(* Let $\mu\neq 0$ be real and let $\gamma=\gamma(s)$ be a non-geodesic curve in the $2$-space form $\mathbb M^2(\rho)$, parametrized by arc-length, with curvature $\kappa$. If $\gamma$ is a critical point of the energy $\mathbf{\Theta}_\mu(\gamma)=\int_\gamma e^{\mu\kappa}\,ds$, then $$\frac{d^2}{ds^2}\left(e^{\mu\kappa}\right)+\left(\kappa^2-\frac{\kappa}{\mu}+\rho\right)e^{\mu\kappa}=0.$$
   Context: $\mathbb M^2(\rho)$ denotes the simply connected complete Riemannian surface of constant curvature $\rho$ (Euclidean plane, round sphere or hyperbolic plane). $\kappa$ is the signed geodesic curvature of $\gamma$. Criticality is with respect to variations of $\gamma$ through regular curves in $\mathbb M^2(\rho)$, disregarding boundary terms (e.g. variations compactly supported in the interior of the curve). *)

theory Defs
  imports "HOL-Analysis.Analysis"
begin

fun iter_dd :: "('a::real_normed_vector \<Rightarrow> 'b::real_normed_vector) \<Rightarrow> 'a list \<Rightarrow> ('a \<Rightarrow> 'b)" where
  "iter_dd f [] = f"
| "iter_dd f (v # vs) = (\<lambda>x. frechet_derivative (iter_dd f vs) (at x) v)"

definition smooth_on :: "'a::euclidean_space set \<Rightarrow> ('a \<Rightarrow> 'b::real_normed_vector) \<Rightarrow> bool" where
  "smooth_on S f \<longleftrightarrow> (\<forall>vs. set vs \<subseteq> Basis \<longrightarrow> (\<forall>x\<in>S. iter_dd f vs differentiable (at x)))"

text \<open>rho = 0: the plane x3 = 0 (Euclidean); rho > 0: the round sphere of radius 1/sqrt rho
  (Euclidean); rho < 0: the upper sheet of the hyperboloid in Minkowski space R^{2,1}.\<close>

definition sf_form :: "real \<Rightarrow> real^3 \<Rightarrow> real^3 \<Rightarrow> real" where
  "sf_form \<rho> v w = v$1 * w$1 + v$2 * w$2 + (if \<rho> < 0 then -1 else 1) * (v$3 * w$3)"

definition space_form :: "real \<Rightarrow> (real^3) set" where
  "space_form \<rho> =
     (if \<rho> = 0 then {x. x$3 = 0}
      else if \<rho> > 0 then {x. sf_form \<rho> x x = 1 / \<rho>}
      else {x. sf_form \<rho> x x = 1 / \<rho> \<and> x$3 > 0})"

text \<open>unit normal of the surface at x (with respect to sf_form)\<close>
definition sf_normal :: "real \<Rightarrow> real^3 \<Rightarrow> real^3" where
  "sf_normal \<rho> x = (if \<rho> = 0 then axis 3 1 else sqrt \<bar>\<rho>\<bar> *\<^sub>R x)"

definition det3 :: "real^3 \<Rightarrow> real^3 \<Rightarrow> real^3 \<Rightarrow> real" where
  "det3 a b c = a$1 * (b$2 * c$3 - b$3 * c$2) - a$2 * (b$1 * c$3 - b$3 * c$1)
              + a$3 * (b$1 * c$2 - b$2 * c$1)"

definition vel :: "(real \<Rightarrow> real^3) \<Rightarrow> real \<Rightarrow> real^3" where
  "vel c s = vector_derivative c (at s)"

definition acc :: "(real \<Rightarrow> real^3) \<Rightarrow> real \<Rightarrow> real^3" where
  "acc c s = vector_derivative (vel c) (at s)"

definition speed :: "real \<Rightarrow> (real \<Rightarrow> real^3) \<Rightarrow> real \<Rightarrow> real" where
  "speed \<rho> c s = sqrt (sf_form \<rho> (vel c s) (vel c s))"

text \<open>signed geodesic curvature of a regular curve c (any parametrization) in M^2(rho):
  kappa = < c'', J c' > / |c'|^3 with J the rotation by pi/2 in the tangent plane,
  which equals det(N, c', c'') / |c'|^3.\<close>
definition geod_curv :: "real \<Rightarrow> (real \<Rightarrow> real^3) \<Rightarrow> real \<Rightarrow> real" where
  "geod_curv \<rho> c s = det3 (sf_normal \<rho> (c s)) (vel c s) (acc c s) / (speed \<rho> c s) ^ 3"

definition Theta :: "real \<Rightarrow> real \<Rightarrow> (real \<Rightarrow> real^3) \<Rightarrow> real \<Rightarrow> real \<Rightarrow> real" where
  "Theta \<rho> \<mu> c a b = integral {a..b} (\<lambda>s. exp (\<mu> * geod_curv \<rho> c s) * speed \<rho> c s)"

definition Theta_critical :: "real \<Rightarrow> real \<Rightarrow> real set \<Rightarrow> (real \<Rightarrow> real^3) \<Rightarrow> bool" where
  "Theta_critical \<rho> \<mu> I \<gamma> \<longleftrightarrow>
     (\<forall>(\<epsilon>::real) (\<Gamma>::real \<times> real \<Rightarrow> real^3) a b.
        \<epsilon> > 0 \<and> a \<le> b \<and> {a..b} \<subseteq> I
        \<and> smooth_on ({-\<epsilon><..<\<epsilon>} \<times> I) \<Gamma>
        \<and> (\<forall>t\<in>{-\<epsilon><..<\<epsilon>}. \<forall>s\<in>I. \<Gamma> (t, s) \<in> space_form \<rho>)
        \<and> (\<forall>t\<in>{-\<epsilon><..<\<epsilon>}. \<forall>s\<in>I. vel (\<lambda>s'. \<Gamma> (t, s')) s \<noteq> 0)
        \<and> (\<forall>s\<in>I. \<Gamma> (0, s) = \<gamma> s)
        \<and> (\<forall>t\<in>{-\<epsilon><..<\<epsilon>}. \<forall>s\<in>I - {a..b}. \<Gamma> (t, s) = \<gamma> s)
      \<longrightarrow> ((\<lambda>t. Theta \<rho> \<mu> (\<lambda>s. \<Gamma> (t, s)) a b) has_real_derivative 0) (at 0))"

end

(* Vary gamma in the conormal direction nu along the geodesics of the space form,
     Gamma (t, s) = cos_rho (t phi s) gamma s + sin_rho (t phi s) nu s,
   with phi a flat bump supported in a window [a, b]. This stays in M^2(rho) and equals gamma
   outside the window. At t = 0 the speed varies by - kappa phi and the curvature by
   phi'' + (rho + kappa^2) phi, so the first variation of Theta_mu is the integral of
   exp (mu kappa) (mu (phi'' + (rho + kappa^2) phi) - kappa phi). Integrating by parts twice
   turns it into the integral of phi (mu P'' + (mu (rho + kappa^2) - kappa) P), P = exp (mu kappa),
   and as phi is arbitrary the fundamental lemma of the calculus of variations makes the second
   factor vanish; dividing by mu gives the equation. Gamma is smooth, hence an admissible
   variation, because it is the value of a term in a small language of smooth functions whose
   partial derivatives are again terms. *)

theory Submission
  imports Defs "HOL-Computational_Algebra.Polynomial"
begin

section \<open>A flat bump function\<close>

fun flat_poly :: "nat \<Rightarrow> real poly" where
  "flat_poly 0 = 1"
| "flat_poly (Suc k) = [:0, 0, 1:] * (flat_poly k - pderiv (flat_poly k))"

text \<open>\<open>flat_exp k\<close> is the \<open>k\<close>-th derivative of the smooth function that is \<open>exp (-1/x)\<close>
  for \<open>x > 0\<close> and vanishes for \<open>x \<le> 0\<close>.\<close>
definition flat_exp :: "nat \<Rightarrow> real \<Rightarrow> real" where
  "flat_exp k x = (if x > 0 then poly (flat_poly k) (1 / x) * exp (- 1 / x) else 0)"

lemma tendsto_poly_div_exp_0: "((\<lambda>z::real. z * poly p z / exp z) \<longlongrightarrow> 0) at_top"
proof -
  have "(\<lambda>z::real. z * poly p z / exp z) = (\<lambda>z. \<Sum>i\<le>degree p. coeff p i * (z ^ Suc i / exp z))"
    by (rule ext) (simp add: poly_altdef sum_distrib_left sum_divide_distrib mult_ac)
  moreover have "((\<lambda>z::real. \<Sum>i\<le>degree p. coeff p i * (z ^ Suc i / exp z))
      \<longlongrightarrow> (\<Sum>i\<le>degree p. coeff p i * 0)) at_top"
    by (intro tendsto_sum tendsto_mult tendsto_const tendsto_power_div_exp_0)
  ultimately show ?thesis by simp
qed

ABOUT THIS EXERCISE »
Please write out, exactly as they appear above, only the lines in the stretch from the line with "(if \<rho> <" through the line with "det3 (sf_normal \<rho>".

COMPLETED TASK »
  "sf_form \<rho> v w = v$1 * w$1 + v$2 * w$2 + (if \<rho> < 0 then -1 else 1) * (v$3 * w$3)"

definition space_form :: "real \<Rightarrow> (real^3) set" where
  "space_form \<rho> =
     (if \<rho> = 0 then {x. x$3 = 0}
      else if \<rho> > 0 then {x. sf_form \<rho> x x = 1 / \<rho>}
      else {x. sf_form \<rho> x x = 1 / \<rho> \<and> x$3 > 0})"

text \<open>unit normal of the surface at x (with respect to sf_form)\<close>
definition sf_normal :: "real \<Rightarrow> real^3 \<Rightarrow> real^3" where
  "sf_normal \<rho> x = (if \<rho> = 0 then axis 3 1 else sqrt \<bar>\<rho>\<bar> *\<^sub>R x)"

definition det3 :: "real^3 \<Rightarrow> real^3 \<Rightarrow> real^3 \<Rightarrow> real" where
  "det3 a b c = a$1 * (b$2 * c$3 - b$3 * c$2) - a$2 * (b$1 * c$3 - b$3 * c$1)
              + a$3 * (b$1 * c$2 - b$2 * c$1)"

definition vel :: "(real \<Rightarrow> real^3) \<Rightarrow> real \<Rightarrow> real^3" where
  "vel c s = vector_derivative c (at s)"

definition acc :: "(real \<Rightarrow> real^3) \<Rightarrow> real \<Rightarrow> real^3" where
  "acc c s = vector_derivative (vel c) (at s)"

definition speed :: "real \<Rightarrow> (real \<Rightarrow> real^3) \<Rightarrow> real \<Rightarrow> real" where
  "speed \<rho> c s = sqrt (sf_form \<rho> (vel c s) (vel c s))"

text \<open>signed geodesic curvature of a regular curve c (any parametrization) in M^2(rho):
  kappa = < c'', J c' > / |c'|^3 with J the rotation by pi/2 in the tangent plane,
  which equals det(N, c', c'') / |c'|^3.\<close>
definition geod_curv :: "real \<Rightarrow> (real \<Rightarrow> real^3) \<Rightarrow> real \<Rightarrow> real" where
  "geod_curv \<rho> c s = det3 (sf_normal \<rho> (c s)) (vel c s) (acc c s) / (speed \<rho> c s) ^ 3"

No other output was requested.